Input material:

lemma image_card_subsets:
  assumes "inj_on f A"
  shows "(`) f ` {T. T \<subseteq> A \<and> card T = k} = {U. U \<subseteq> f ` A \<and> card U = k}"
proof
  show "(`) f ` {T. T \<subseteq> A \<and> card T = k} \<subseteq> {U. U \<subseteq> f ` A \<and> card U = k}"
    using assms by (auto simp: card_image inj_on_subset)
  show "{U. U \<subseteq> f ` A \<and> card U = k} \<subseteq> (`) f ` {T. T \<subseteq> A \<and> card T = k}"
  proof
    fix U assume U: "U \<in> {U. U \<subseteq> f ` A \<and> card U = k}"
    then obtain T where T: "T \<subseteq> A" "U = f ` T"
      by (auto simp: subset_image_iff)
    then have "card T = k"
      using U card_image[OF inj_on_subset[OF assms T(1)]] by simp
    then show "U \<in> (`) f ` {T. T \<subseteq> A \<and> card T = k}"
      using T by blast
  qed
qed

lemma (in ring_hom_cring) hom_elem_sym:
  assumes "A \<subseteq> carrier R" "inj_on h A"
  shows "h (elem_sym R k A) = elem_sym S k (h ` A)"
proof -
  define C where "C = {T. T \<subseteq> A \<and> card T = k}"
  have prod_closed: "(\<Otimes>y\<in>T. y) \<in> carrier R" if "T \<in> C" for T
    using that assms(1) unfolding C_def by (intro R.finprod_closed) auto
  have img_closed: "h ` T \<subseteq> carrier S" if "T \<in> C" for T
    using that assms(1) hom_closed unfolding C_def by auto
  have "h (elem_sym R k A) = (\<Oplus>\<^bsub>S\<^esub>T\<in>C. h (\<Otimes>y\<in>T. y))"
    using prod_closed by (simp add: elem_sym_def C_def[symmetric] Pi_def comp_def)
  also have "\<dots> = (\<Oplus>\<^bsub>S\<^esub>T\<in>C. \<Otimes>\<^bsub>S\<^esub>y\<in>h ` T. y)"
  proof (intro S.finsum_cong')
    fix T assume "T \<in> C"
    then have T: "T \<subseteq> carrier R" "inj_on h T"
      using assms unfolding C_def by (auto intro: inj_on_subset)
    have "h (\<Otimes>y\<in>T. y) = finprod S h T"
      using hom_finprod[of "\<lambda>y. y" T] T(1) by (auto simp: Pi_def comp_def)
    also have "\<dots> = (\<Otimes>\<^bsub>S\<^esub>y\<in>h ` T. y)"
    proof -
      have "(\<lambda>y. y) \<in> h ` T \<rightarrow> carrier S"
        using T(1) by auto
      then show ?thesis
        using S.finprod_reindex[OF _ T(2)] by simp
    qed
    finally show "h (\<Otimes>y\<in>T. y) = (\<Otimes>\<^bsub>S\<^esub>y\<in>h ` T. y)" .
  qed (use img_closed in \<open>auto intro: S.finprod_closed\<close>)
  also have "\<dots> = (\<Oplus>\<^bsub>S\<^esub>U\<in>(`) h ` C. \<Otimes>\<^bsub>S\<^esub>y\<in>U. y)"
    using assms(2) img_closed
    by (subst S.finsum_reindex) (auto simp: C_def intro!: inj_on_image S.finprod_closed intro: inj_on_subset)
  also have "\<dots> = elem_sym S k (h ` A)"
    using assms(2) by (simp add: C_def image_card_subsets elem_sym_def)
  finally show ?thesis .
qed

...

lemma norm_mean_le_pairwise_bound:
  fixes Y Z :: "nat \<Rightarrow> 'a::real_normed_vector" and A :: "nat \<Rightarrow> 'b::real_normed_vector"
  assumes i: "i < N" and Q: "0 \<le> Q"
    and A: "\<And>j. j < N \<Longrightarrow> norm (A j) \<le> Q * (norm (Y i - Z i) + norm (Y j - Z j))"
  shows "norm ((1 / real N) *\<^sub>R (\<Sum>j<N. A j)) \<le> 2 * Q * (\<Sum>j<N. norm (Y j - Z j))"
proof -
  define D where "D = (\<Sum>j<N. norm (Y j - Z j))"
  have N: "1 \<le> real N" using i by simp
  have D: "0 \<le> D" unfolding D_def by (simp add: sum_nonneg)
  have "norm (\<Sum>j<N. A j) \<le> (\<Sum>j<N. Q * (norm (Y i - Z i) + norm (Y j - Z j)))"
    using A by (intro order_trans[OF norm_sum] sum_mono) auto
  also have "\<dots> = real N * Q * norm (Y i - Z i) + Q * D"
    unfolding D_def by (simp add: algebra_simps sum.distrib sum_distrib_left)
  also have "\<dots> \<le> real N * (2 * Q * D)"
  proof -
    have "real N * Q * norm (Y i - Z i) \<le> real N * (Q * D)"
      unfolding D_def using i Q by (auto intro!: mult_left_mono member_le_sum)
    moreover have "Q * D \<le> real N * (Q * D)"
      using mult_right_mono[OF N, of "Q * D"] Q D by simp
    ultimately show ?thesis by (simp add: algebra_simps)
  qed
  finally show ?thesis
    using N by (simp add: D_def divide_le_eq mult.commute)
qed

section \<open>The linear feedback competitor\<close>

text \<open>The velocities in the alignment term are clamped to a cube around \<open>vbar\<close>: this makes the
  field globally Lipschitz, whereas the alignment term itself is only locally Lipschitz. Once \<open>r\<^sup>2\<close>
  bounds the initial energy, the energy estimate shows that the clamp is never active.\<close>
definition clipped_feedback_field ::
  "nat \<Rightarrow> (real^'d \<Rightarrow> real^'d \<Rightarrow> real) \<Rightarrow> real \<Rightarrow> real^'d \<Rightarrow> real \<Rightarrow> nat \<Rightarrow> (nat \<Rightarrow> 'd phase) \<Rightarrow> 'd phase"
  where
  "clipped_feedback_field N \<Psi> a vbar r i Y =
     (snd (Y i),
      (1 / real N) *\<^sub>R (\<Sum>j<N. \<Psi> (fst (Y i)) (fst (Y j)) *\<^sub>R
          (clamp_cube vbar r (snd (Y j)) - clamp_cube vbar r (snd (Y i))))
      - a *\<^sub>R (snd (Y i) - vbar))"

Exercise:
Among the lines above, find those holding "term" and copy each one.

Written answer:
text \<open>The velocities in the alignment term are clamped to a cube around \<open>vbar\<close>: this makes the
  field globally Lipschitz, whereas the alignment term itself is only locally Lipschitz. Once \<open>r\<^sup>2\<close>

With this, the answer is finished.